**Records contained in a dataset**
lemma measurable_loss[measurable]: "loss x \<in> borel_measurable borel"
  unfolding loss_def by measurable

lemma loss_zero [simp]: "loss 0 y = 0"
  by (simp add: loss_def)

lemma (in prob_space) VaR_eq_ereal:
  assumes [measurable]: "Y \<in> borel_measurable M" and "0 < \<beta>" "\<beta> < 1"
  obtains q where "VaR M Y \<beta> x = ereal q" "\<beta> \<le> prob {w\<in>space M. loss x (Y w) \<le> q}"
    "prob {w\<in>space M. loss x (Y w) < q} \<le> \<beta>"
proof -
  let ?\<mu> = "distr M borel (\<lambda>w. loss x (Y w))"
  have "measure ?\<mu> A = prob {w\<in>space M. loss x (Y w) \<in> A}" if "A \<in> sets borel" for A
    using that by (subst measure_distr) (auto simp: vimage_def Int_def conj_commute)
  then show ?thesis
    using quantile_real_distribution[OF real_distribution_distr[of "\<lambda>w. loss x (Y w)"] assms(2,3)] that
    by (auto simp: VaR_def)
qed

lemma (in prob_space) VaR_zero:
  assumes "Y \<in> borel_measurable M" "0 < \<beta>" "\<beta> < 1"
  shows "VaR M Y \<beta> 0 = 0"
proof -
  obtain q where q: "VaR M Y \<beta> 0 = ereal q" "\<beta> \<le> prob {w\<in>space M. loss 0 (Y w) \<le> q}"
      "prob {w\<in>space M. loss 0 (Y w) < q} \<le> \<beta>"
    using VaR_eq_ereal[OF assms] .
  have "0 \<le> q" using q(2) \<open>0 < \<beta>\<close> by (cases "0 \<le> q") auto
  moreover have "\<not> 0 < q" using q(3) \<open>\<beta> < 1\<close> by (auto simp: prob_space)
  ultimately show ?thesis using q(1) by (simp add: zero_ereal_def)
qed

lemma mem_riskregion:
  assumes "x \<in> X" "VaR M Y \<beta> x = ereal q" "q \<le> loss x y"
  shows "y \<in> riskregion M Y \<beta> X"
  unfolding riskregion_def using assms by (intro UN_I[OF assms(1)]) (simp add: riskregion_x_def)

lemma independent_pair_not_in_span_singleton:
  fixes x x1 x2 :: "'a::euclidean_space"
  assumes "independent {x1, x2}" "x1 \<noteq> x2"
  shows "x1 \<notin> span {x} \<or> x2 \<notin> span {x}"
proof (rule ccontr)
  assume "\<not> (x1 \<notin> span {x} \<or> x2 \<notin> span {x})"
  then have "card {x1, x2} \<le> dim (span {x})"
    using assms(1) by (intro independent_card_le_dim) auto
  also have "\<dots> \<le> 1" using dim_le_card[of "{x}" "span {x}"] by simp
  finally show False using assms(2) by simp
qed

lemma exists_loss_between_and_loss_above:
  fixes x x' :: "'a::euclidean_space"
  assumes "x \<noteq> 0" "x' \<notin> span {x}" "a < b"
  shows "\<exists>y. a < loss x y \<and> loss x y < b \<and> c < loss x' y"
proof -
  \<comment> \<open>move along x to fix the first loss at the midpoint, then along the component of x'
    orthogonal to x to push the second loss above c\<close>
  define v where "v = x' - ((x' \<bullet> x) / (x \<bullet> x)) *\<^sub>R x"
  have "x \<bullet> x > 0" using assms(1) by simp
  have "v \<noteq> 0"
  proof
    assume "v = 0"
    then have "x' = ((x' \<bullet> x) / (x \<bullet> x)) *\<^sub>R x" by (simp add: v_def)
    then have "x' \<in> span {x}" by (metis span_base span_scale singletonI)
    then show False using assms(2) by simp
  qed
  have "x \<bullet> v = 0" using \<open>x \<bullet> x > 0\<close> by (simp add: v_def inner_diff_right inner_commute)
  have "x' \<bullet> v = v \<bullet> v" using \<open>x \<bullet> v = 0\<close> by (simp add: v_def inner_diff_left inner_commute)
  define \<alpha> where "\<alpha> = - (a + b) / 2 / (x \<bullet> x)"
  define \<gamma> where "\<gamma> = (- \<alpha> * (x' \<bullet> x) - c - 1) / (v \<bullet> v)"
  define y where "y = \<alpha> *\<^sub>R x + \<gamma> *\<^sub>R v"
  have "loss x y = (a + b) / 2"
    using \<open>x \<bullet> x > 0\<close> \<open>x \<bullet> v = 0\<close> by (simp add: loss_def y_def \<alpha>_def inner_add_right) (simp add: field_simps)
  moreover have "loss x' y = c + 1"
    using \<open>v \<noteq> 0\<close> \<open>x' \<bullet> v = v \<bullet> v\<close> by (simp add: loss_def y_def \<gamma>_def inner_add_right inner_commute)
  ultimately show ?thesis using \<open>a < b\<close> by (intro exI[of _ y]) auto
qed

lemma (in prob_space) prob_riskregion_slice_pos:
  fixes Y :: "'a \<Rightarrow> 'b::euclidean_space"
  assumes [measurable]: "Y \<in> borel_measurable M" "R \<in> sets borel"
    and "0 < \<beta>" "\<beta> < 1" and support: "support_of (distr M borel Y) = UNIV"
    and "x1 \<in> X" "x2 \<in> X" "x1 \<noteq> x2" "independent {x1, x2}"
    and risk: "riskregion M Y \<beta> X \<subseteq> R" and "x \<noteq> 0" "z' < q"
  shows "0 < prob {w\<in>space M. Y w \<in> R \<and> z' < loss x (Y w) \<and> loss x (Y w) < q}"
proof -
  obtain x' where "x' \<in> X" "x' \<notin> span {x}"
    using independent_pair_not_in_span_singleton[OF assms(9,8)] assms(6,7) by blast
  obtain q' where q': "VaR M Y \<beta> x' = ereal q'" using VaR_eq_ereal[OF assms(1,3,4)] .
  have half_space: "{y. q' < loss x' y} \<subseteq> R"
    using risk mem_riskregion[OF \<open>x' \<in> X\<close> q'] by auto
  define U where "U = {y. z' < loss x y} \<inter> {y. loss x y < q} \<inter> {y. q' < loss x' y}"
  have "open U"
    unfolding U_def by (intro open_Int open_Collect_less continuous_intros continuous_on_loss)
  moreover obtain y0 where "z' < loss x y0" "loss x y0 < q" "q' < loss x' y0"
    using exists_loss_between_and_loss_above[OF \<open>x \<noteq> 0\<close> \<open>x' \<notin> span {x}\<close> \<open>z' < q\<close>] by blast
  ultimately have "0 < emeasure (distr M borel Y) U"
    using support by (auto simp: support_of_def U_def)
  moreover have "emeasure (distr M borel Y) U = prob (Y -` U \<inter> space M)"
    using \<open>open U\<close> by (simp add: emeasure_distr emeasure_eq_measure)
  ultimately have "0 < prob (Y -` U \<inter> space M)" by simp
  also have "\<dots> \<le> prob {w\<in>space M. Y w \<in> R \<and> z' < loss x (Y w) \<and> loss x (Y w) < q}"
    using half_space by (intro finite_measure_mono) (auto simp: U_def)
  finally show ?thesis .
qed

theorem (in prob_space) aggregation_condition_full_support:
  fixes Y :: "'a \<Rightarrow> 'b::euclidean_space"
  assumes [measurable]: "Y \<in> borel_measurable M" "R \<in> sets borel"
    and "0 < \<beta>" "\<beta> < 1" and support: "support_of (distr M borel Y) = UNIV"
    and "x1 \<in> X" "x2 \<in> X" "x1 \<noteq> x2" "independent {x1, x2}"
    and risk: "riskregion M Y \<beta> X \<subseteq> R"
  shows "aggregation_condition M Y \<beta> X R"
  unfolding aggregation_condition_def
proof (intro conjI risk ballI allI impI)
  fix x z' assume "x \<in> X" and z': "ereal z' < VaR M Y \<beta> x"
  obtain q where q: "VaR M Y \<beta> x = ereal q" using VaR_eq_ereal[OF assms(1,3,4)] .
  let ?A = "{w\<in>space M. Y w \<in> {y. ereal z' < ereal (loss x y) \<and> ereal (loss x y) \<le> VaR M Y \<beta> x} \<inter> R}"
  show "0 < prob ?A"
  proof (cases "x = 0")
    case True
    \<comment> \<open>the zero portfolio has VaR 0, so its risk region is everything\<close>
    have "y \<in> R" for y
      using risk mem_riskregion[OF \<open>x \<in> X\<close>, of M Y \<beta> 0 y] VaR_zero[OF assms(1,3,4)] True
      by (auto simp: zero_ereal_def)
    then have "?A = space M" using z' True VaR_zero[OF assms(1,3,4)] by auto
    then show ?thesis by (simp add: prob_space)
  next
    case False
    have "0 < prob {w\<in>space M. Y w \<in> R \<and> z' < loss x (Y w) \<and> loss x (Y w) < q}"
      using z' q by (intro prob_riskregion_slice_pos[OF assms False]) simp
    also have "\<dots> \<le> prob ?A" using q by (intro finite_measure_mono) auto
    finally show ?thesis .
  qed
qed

**Your goal**
Copy out the lines above exactly, beginning at the one that contains "(x1 \<notin> span" and ending at the one that contains "define v where".

**Output of the exercise**
  assume "\<not> (x1 \<notin> span {x} \<or> x2 \<notin> span {x})"
  then have "card {x1, x2} \<le> dim (span {x})"
    using assms(1) by (intro independent_card_le_dim) auto
  also have "\<dots> \<le> 1" using dim_le_card[of "{x}" "span {x}"] by simp
  finally show False using assms(2) by simp
qed

lemma exists_loss_between_and_loss_above:
  fixes x x' :: "'a::euclidean_space"
  assumes "x \<noteq> 0" "x' \<notin> span {x}" "a < b"
  shows "\<exists>y. a < loss x y \<and> loss x y < b \<and> c < loss x' y"
proof -
  \<comment> \<open>move along x to fix the first loss at the midpoint, then along the component of x'
    orthogonal to x to push the second loss above c\<close>
  define v where "v = x' - ((x' \<bullet> x) / (x \<bullet> x)) *\<^sub>R x"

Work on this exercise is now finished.